QRG on Arbitration, Conciliation and Mediation
- Author: Vishnu S Warrier
- Language: English
- Subject: Law, arbitration
- Publisher: LexisNexis
- Publication date: January 1, 2015
- Publication place: India
- Published in English: January 1, 2015
- Media type: Print
- Pages: 150
- ISBN: 9789351433781

= QRG on Arbitration, Conciliation and Mediation =

Non-fiction law book

Quick Reference Guide on Arbitration, Conciliation & Mediation is a book authored by Vishnu S Warrier published by LexisNexis in 2015.

The book studies the concept of arbitration, mediation and conciliation procedure in ancient India and present. Considering law students in mind, author did justice to conceptualize the alternative dispute resolutions such as arbitration, mediation and conciliation into an easily understanding language.

== Key concepts ==
In pursuit of globalisation, India responded positively by opening up its economy. Along with the benefits promised, it also brought lots of issues. As we all know major concern of law is the conflict resolution. Traditional justice delivery system through the adjudication of courts, had already given way a large extent of alternative mode of dispute Resolution in common law countries. Following are the key concepts covered under this book.

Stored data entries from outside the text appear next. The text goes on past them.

lemma exists_vector_avoiding:
  fixes F :: "'a set" and M :: nat
  assumes F: "finite F" and D: "\<And>f g. f \<in> F \<Longrightarrow> g \<in> F \<Longrightarrow> dist f g \<le> D"
    and M: "0 < M" and S: "D + 8 * real M * (R + 1) \<le> S"
    and shrink: "\<And>\<eta>. l2 \<eta> \<Longrightarrow> diam_le (supp \<eta>) S \<Longrightarrow> l2norm (op_apply T \<eta>) \<le> c * l2norm \<eta>"
    and c: "0 \<le> c" "c\<^sup>2 < t"
    and \<zeta>: "finite G" "supp \<zeta> \<subseteq> G" "l2norm \<zeta> \<le> 1"
    and large: "t + 1 / M \<le> (l2norm (op_apply T \<zeta>))\<^sup>2"
  shows "\<exists>B \<xi>0. finite B \<and> B \<inter> F = {} \<and> supp \<xi>0 \<subseteq> B \<and> supp (op_apply T \<xi>0) \<subseteq> B \<and>
           0 < l2norm \<xi>0 \<and> t * (l2norm \<xi>0)\<^sup>2 \<le> (l2norm (op_apply T \<xi>0))\<^sup>2"
proof -
  define w where "w = R + 1"
  define I where "I n = nbhd F (real n * w)" for n :: nat
  define \<mu> where "\<mu> n = sqnorm_on (G \<inter> I n) \<zeta>" for n
  have w: "0 < w" "R \<le> w" using R_nonneg by (simp_all add: w_def)
  have I_mono: "I m \<subseteq> I n" if "m \<le> n" for m n
    unfolding I_def by (rule nbhd_mono) (use w that in simp)
  have I_step: "y \<in> I (Suc n)" if "x \<in> I n" "dist x y \<le> R" for x y n
    using nbhd_step[OF that[unfolded I_def]] nbhd_mono[of "real n * w + R" "real (Suc n) * w" F] w
    unfolding I_def by (auto simp: algebra_simps)
  have mass: "sqnorm_on G \<zeta> \<le> 1"
    using l2norm_sq_finite_supp[OF \<zeta>(1,2)] \<zeta>(3) l2norm_nonneg[of \<zeta>] by (metis power_le_one)
  have "\<mu> (4 * M) - \<mu> 0 \<le> 1"
    using sqnorm_on_mono[OF \<zeta>(1), of "G \<inter> I (4 * M)" \<zeta>] sqnorm_on_nonneg[of "G \<inter> I 0" \<zeta>] mass
    unfolding \<mu>_def by simp
  then obtain k where k: "k < M" "\<mu> (4 * k + 4) - \<mu> (4 * k) \<le> 1 / M"
    using exists_small_increment[of M "\<lambda>k. \<mu> (4 * k)"] M by (auto simp: add.commute)
  define W where "W = I (4 * k + 2)"
  define \<xi>0 where "\<xi>0 = restrict_vec (- W) \<zeta>"
  define N where "N = nbhd (nbhd W R \<inter> nbhd (- W) R) R"
  have "N \<subseteq> I (4 * k + 4) - I (4 * k)"
  proof
    fix x assume "x \<in> N"
    then obtain z y y' where z: "dist x z \<le> R" "dist z y \<le> R" "y \<in> W" "dist z y' \<le> R" "y' \<notin> W"
      unfolding N_def nbhd_def by blast
    have "x \<in> I (4 * k + 4)"
      using I_step[OF I_step[OF _ z(2)[unfolded dist_commute[of z]]] z(1)[unfolded dist_commute[of x]]] z(3)
      unfolding W_def by (simp add: numeral_eq_Suc)
    moreover have "x \<notin> I (4 * k)"
      using I_step[OF I_step[OF _ z(1)] z(4)] z(5) unfolding W_def by (auto simp: numeral_eq_Suc)
    ultimately show "x \<in> I (4 * k + 4) - I (4 * k)" by blast
  qed
  then have "sqnorm_on (G \<inter> N) \<zeta> \<le> sqnorm_on (G \<inter> I (4 * k + 4) - G \<inter> I (4 * k)) \<zeta>"
    by (intro sqnorm_on_mono) (use \<zeta>(1) in auto)
  also have "\<dots> \<le> 1 / M"
    using k(2) I_mono[of "4 * k" "4 * k + 4"] \<zeta>(1) unfolding \<mu>_def by (subst sqnorm_on_diff) auto
  finally have cut: "(l2norm (op_apply T \<zeta>))\<^sup>2 \<le> (l2norm (op_apply T (restrict_vec W \<zeta>)))\<^sup>2
      + (l2norm (op_apply T \<xi>0))\<^sup>2 + 1 / M"
    using l2norm_sq_op_apply_split[OF \<zeta>(1,2), of W] unfolding \<xi>0_def N_def by linarith
  define \<alpha> where "\<alpha> = sqnorm_on (G \<inter> W) \<zeta>"
  have supp_inner: "supp (restrict_vec W \<zeta>) \<subseteq> G" and supp_outer: "supp \<xi>0 \<subseteq> G - W"
    using \<zeta>(2) unfolding \<xi>0_def by (auto simp: supp_restrict_vec)
  have G_outer: "finite (G - W)" using \<zeta>(1) by simp
  have "diam_le W S" unfolding W_def I_def
  proof (rule diam_le_mono[OF diam_le_nbhd[OF D]])
    have "real (4 * k + 2) * w \<le> real (4 * M) * w" using k(1) w by (intro mult_right_mono) auto
    then show "D + 2 * (real (4 * k + 2) * w) \<le> S" using S unfolding w_def by simp
  qed
  then have "l2norm (op_apply T (restrict_vec W \<zeta>)) \<le> c * l2norm (restrict_vec W \<zeta>)"
    by (intro shrink l2_if_finite_supp[OF \<zeta>(1) supp_inner]) (auto intro: diam_le_subset simp: supp_restrict_vec)
  then have "(l2norm (op_apply T (restrict_vec W \<zeta>)))\<^sup>2 \<le> (c * l2norm (restrict_vec W \<zeta>))\<^sup>2"
    by (rule power_mono[OF _ l2norm_nonneg])
  also have "\<dots> = c\<^sup>2 * \<alpha>"
    unfolding power_mult_distrib \<alpha>_def l2norm_sq_finite_supp[OF \<zeta>(1) supp_inner] sqnorm_on_restrict_vec[OF \<zeta>(1)] ..
  finally have inner: "(l2norm (op_apply T (restrict_vec W \<zeta>)))\<^sup>2 \<le> c\<^sup>2 * \<alpha>" .
  have outer: "(l2norm \<xi>0)\<^sup>2 = sqnorm_on (G - W) \<zeta>"
    using l2norm_sq_finite_supp[OF G_outer supp_outer] sqnorm_on_restrict_vec[OF G_outer]
    unfolding \<xi>0_def by (simp add: Diff_eq)
  have "\<alpha> + (l2norm \<xi>0)\<^sup>2 = sqnorm_on G \<zeta>"
    unfolding \<alpha>_def outer sqnorm_on_def by (rule sum.Int_Diff[symmetric, OF \<zeta>(1)])
  then have \<alpha>: "\<alpha> + (l2norm \<xi>0)\<^sup>2 \<le> 1" "0 \<le> \<alpha>" "\<alpha> \<le> 1"
    using mass sqnorm_on_nonneg[of "G \<inter> W" \<zeta>] zero_le_power2[of "l2norm \<xi>0"]
    unfolding \<alpha>_def by linarith+
  have "c\<^sup>2 * \<alpha> \<le> t * \<alpha>" using c(2) \<alpha>(2) by (intro mult_right_mono) auto
  moreover have "c\<^sup>2 * \<alpha> < t" using mult_left_le[OF \<alpha>(3) zero_le_power2[of c]] c(2) by linarith
  moreover have "t * (l2norm \<xi>0)\<^sup>2 \<le> t - t * \<alpha>"
    using mult_left_mono[of "(l2norm \<xi>0)\<^sup>2" "1 - \<alpha>" t] \<alpha>(1) c(2) zero_le_power2[of c]
    by (simp add: right_diff_distrib)
  ultimately have gain: "t * (l2norm \<xi>0)\<^sup>2 \<le> (l2norm (op_apply T \<xi>0))\<^sup>2" "0 < (l2norm (op_apply T \<xi>0))\<^sup>2"
    using cut inner large by linarith+
  have "l2norm (op_apply T \<xi>0) \<noteq> 0" using gain(2) by auto
  then have "0 < l2norm \<xi>0"
    using contraction[OF l2_if_finite_supp[OF G_outer supp_outer]] l2norm_nonneg[of "op_apply T \<xi>0"]
    by linarith
  define B where "B = nbhd (G - W) R"
  have "y \<in> W" if "x \<in> F" "dist x y \<le> R" for x y
  proof -
    have "x \<in> I 0" using that(1) subset_nbhd[of 0 F] unfolding I_def by auto
    then show "y \<in> W" using I_step[OF _ that(2)] I_mono[of 1 "4 * k + 2"] unfolding W_def by auto
  qed
  then have "B \<inter> F = {}" unfolding B_def nbhd_def by (auto simp: dist_commute)
  moreover have "supp \<xi>0 \<subseteq> B" using supp_outer subset_nbhd[OF R_nonneg] unfolding B_def by blast
  moreover have "supp (op_apply T \<xi>0) \<subseteq> B" unfolding B_def by (rule supp_op_apply_subset[OF G_outer supp_outer])
  moreover have "finite B" unfolding B_def by (rule finite_nbhd[OF geometry G_outer])
  ultimately show ?thesis using \<open>0 < l2norm \<xi>0\<close> gain(1) by blast
qed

Alternative dispute resolution in India is not new and it was in existence even under the previous Arbitration Act, 1940. The Arbitration and Conciliation Act, 1996 has been enacted to accommodate the harmonisation mandates of UNCITRAL Model. To streamline the Indian legal system the traditional civil law known as Code of Civil Procedure, (CPC) 1908 has also been amended and section 89 has been introduced. Section 89 (1) of CPC provides an option for the settlement of disputes outside the court. It provides that where it appears to the court that there exist elements, which may be acceptable to the parties, the court may formulate the terms of a possible settlement and refer the same for arbitration, conciliation, mediation or judicial settlement

=== Arbitration ===
The process of arbitration can start only if there exists a valid arbitration agreement between the parties prior to the emergence of the dispute. As per Section 7, such an agreement must be in writing. The contract regarding which the dispute exists, must either contain an arbitration clause or must refer to a separate document signed by the parties containing the arbitration agreement. The existence of an arbitration agreement can also be inferred by written correspondence such as letters, telex, or telegrams which provide a record of the agreement. An exchange of statement of claim and defense in which existence of an arbitration agreement is alleged by one party and not denied by other is also considered as valid written arbitration agreement.

=== Conciliation ===
Conciliation is a less formal form of arbitration. This process does not require an existence of any prior agreement. Any party can request the other party to appoint a conciliator. One conciliator is preferred but two or three are also allowed. In case of multiple conciliators, all must act jointly. If a party rejects an offer to conciliate, there can be no conciliation.

=== Mediation ===
The term "mediation" broadly refers to any instance in which a third party helps others reach agreement. More specifically, mediation has a structure, timetable and dynamics that "ordinary" negotiation lacks. The process is private and confidential, possibly enforced by law. Participation is typically voluntary. The mediator acts as a neutral third party and facilitates rather than directs the process.

=== Negotiation ===
Negotiation is a dialogue between two or more people or parties intended to reach a mutually beneficial outcome, resolve points of difference, to gain advantage for an individual or collective, or to craft outcomes to satisfy various interests.